Even for those who are not science orientated, the discussion of renewable and sustainable energy sources is universal- a theme that has a lot of pertinence to this day and age. First to make the definition clear, there is a slight difference between the terms, renewable and sustainable energy sources, which are often used interchangeably.
The term renewable Energy refers to an energy source that cannot be depleted or completely exhausted, whereas the term sustainable is very similar to renewable but it simply refers to the different economic and social issues to using renewable sources.
There are many different types of renewable resources that could potentially be harnessed at a magnitude that could eradicate all the world’s energy problems. One of theses sources which is on the rise, is the use of Solar energy or Photovoltaics. One impressive figure: if we covered an area the size of Nevada with solar panels, there would be enough energy harnessed to power the entire United States. Although this seems almost too good to be true, this goal has many obstacles. Many are against solar plants (this is also true for wind turbines) because of their perhaps less than natural appearance. Many governmental regulations as well as communal hesitation and the expense, slow the development of solar energy “farms.”
A few electric facts about solar energy:
Solar energy generated constant electricity or direct current. Most household appliances run on AC, alternating current, which means that the photovoltaics need a inverter to change the photovoltaics into alternating current.
-The term “light intensity” (what we measured for the experiment) is simply the measure of the energy of light. The higher the intensity logically means the more photons are generated equalling a greater current and voltage.
*The speed of light is measured at c=3 x 10 to the 8th power m/s.
A solar panel is made from silicon. Silicon is a semi-conducter, meaning it is partly an insulator of electricity as well as partly a conductor.
Experiment:
With solar energy in mind and these facts in mind, we conducted an experiment of our own to really grasp the amount of energy a single solar panel could produce.

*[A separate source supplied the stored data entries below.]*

(* In the Setting below, let $I$ be an $\mathfrak n$-primary ideal of $S$. Then $$g(I)+1\le \ell_S(S/I)+2\delta.$$
   Context: Setting: $(S,\mathfrak n)$ is a one-dimensional Noetherian local domain, not regular, with infinite residue field $k$ and quotient field $K$; its integral closure $\overline S$ in $K$ is a DVR and a finite $S$-module, with uniformizer $t$, and $S/\mathfrak n\to\overline S/t\overline S$ is an isomorphism. $\mathrm{Val}$ is the valuation of $\overline S$ on $K$ with $\mathrm{Val}(t)=1$. $\delta=\ell_S(\overline S/S)$. $g(I)=\max\{\mathrm{Val}(a)\mid a\in K\setminus I,\ a\neq0\}$. *)

theory Defs
  imports "HOL-Computational_Algebra.Polynomial" "HOL-Library.Extended_Real"
begin

text \<open>The quotient field K is modelled as the whole type 'a (a field); the ring S is a
subring of it, given as a set. Ideals of S and S-submodules of K are subsets of 'a.\<close>

definition subring :: "'a::field set \<Rightarrow> bool" where
  "subring S \<longleftrightarrow> 0 \<in> S \<and> 1 \<in> S \<and> (\<forall>x\<in>S. \<forall>y\<in>S. x + y \<in> S \<and> x - y \<in> S \<and> x * y \<in> S)"

definition submod :: "'a::field set \<Rightarrow> 'a set \<Rightarrow> bool" where
  "submod S M \<longleftrightarrow> 0 \<in> M \<and> (\<forall>x\<in>M. \<forall>y\<in>M. x + y \<in> M) \<and> (\<forall>s\<in>S. \<forall>x\<in>M. s * x \<in> M)"

definition s_ideal :: "'a::field set \<Rightarrow> 'a set \<Rightarrow> bool" where
  "s_ideal S I \<longleftrightarrow> I \<subseteq> S \<and> submod S I"

definition s_span :: "'a::field set \<Rightarrow> 'a set \<Rightarrow> 'a set" where
  "s_span S F = {x. \<exists>c. (\<forall>f\<in>F. c f \<in> S) \<and> x = (\<Sum>f\<in>F. c f * f)}"

definition noetherian :: "'a::field set \<Rightarrow> bool" where
  "noetherian S \<longleftrightarrow> (\<forall>I. s_ideal S I \<longrightarrow> (\<exists>F. finite F \<and> F \<subseteq> S \<and> I = s_span S F))"

definition prime_ideal :: "'a::field set \<Rightarrow> 'a set \<Rightarrow> bool" where
  "prime_ideal S P \<longleftrightarrow> s_ideal S P \<and> P \<noteq> S \<and>
     (\<forall>x\<in>S. \<forall>y\<in>S. x * y \<in> P \<longrightarrow> x \<in> P \<or> y \<in> P)"

definition local_ring :: "'a::field set \<Rightarrow> 'a set \<Rightarrow> bool" where
  "local_ring S n \<longleftrightarrow> s_ideal S n \<and> n \<noteq> S \<and> (\<forall>J. s_ideal S J \<and> J \<noteq> S \<longrightarrow> J \<subseteq> n)"

definition krull_dim :: "'a::field set \<Rightarrow> enat" where
  "krull_dim S = Sup {enat k | k. \<exists>P::nat \<Rightarrow> 'a set.
      (\<forall>i\<le>k. prime_ideal S (P i)) \<and> (\<forall>i<k. P i \<subset> P (Suc i))}"

definition regular_local :: "'a::field set \<Rightarrow> 'a set \<Rightarrow> bool" where
  "regular_local S n \<longleftrightarrow> (\<exists>F. finite F \<and> F \<subseteq> S \<and> enat (card F) = krull_dim S \<and> n = s_span S F)"

definition is_quotient_field :: "'a::field set \<Rightarrow> bool" where
  "is_quotient_field S \<longleftrightarrow> (\<forall>x. \<exists>a\<in>S. \<exists>b\<in>S. b \<noteq> 0 \<and> x = a / b)"

definition integral_closure :: "'a::field set \<Rightarrow> 'a set" where
  "integral_closure S = {x. \<exists>p::'a poly. lead_coeff p = 1 \<and> (\<forall>i. coeff p i \<in> S) \<and> poly p x = 0}"
(* Assume $\Phi_h=M_h=\mathbb{P}_1$. Then any solution $(\phi^{n+1},\mu^{n+1})$ of the J$_\varepsilon$-scheme satisfies $$\int_\Omega\big(I_h(\phi^{n+1}_-)\big)^2d\boldsymbol x\le C\sqrt{\varepsilon(1-\varepsilon)}\le C\sqrt{\varepsilon}\quad\text{and}\quad\int_\Omega\Big(I_h\big((\phi^{n+1}-1)_+\big)\Big)^2d\boldsymbol x\le C\sqrt{\varepsilon(1-\varepsilon)}\le C\sqrt{\varepsilon},$$ where $C$ depends on the initial energy $E(\phi^0)$ and on $\int_\Omega I_h(J_\varepsilon(\phi^0))\,d\boldsymbol x$.
   Context: $\Omega\subset\mathbb{R}^d$ ($d=1,2,3$) bounded, $\eta>0$, $\varepsilon\in(0,1/2)$. $f_-=\min\{f,0\}$, $f_+=\max\{f,0\}$. $F(\phi)=\frac1{4\eta^2}\phi^2(\phi-1)^2=F_c+F_e$ with $F_c(\phi)=\frac1{4\eta^2}(\phi^4-2\phi^3+\frac32\phi^2)$, $F_e(\phi)=-\frac1{8\eta^2}\phi^2$; $E(\phi)=\int_\Omega(\frac12|\nabla\phi|^2+F(\phi))d\boldsymbol x$. The interval $[0,T]$ is split into $N$ steps of size $\Delta t=T/N$, $n=0,\dots,N-1$. $\mathcal T_h$ is a structured triangulation of $\Omega$ in which every element $I$ has vertices $\boldsymbol x_0,\dots,\boldsymbol x_d$ with $\boldsymbol x_k-\boldsymbol x_0$ parallel to the $k$-th coordinate axis; $\Phi_h=M_h$ is the space of continuous piecewise $\mathbb{P}_1$ functions. $I_h$ is nodal $\mathbb{P}_1$ interpolation, $(f,g)_h=\int_\Omega I_h(fg)\,d\boldsymbol x$, $(\cdot,\cdot)$ the $L^2$ product. $J(\phi)=(1-2\phi)\arcsin(\sqrt{1-\phi})+\sqrt{(1-\phi)\phi}+2\arcsin(\sqrt{1/2})\,\phi$ on $[0,1]$ (so $J''(\phi)=1/\sqrt{\phi(1-\phi)}$); $J_\varepsilon\in C^2(\mathbb{R})$ equals $J$ on $[\varepsilon,1-\varepsilon]$ and its second-order Taylor polynomial at $\varepsilon$ (resp. $1-\varepsilon$) for $\phi<\varepsilon$ (resp. $\phi>1-\varepsilon$). For $\phi\in\Phi_h$, $M^J_\varepsilon(\phi)$ is the piecewise constant diagonal matrix whose $k$-th entry on $I$ is $\Big(\frac{\phi(\boldsymbol x_k)-\phi(\boldsymbol x_0)}{J_\varepsilon'(\phi(\boldsymbol x_k))-J_\varepsilon'(\phi(\boldsymbol x_0))}\Big)^2$ if $\phi(\boldsymbol x_k)\neq\phi(\boldsymbol x_0)$ and $\big(1/J_\varepsilon''(\phi(\boldsymbol x_0))\big)^2$ otherwise. J$_\varepsilon$-scheme: given $\phi^n\in\Phi_h$ (starting from $\phi^0\in\Phi_h$), find $(\phi^{n+1},\mu^{n+1})\in\Phi_h\times M_h$ such that for all $(\bar\phi,\bar\mu)\in\Phi_h\times M_h$: $\frac1{\Delta t}(\phi^{n+1}-\phi^n,\bar\mu)_h+(M^J_\varepsilon(\phi^{n+1})\nabla\mu^{n+1},\nabla\bar\mu)=0$ and $(\nabla\phi^{n+1},\nabla\bar\phi)+(F_c'(\phi^{n+1})+F_e'(\phi^n),\bar\phi)=(\mu^{n+1},\bar\phi)_h$. *)

theory Defs
  imports "HOL-Analysis.Analysis"
begin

We were given our own small, “handheld” solar panel , roughly the size of the palm of a hand and a flashlight. Using our lego robots, connected to the program, Labview. Our task was to measure the amount of energy produced at different distances from the flashlight to the solar panel.
With the flashlight off, the amount, the amount of voltage measured was : .017384 watts
0 distance: .42662 watts
(solar panel held:) 2 inches away: .39587
3 inches away: .324022
5 inches away: .30990
7 inches away: .229394
As indicated by the numbers, the farther the solar panel was away from the flashlight, the less energy was produced.
Here’s a graph: Lab
The seoond part of the experiment was to see how the energy changed when putting different color filters over the flashlight and see how that affected the amount of energy.
The first filter we tried was
Light Blue: with a voltage (at zero distance) was .396
meaning that the light blue did not really adversely affect the amount of light produced. The voltage was similar to when the solar panel was held 2 inches away from the flashlight.
Pink: voltage measured was .324, similar to when the panel was held 3 inches away from the flashlight.
and finally
Dark Blue: voltage measured was .310, similar to when the was held 5 inches away from the flashlight.
Conclusion: This experiment really demonstrated how much energy can be captured, even in the form of a handheld device. Even though solar cells max out at around 23% efficiency, it is still a form of energy that with modern day technology becoming easier to produce, and produces no greenhouse gases; way better for the environment!